## What you need to do:
Search the records for the string "range" and return each line that has it.

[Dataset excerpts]
::::::
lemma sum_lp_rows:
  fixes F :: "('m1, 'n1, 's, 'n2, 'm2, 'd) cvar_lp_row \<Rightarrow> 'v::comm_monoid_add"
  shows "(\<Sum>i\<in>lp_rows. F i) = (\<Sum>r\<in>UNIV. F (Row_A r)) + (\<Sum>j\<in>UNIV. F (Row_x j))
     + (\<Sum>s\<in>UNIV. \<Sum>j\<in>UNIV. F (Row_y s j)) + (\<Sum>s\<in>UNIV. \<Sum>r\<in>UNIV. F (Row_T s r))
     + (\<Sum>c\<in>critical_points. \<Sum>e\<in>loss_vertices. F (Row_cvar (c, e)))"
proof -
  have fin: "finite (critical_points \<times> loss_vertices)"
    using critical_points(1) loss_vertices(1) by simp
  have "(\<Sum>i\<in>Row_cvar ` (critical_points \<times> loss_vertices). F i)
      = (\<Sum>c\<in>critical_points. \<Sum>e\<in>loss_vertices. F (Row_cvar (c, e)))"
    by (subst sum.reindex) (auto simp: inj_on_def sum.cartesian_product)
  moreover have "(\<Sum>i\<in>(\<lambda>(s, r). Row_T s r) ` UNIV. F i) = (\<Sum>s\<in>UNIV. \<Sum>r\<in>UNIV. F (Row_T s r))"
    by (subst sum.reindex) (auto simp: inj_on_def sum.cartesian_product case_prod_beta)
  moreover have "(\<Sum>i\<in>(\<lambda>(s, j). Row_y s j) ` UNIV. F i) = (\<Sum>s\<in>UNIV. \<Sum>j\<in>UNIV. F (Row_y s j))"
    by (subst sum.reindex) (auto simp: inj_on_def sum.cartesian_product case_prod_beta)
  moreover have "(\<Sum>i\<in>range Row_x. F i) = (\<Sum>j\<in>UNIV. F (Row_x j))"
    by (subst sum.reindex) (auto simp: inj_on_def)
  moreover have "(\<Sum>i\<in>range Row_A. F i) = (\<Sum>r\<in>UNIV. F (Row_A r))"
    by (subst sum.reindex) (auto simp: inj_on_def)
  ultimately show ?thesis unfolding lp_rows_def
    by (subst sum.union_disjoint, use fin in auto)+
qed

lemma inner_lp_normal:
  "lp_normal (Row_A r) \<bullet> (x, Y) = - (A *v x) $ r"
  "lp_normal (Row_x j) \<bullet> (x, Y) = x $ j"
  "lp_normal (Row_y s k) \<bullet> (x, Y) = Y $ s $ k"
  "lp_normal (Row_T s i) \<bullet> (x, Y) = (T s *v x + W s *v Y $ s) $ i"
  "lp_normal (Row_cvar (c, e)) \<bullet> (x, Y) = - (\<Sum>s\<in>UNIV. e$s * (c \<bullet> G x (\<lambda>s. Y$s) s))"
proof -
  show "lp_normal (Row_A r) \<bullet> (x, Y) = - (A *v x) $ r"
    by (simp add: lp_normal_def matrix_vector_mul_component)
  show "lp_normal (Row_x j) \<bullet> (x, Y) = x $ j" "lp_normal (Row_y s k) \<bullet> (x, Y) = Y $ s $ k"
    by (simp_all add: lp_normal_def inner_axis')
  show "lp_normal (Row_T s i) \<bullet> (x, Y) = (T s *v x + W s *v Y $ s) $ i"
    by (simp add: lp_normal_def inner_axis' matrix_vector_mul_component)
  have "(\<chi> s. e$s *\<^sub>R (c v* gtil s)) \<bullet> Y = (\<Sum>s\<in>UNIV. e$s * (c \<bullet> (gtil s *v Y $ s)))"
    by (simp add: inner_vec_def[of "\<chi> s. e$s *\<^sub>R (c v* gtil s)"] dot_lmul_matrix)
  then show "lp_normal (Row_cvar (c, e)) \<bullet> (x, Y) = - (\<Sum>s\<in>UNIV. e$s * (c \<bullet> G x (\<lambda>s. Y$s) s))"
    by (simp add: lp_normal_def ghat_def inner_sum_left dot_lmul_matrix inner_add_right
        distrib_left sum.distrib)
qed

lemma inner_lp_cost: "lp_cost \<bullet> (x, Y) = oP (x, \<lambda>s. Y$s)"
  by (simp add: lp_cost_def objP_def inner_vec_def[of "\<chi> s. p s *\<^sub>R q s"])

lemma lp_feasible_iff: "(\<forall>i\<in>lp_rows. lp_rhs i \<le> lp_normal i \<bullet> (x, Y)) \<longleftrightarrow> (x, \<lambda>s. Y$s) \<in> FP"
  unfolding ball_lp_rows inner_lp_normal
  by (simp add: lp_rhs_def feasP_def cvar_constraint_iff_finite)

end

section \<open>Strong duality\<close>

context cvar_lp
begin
::::::
## Reply:
  moreover have "(\<Sum>i\<in>range Row_x. F i) = (\<Sum>j\<in>UNIV. F (Row_x j))"
  moreover have "(\<Sum>i\<in>range Row_A. F i) = (\<Sum>r\<in>UNIV. F (Row_A r))"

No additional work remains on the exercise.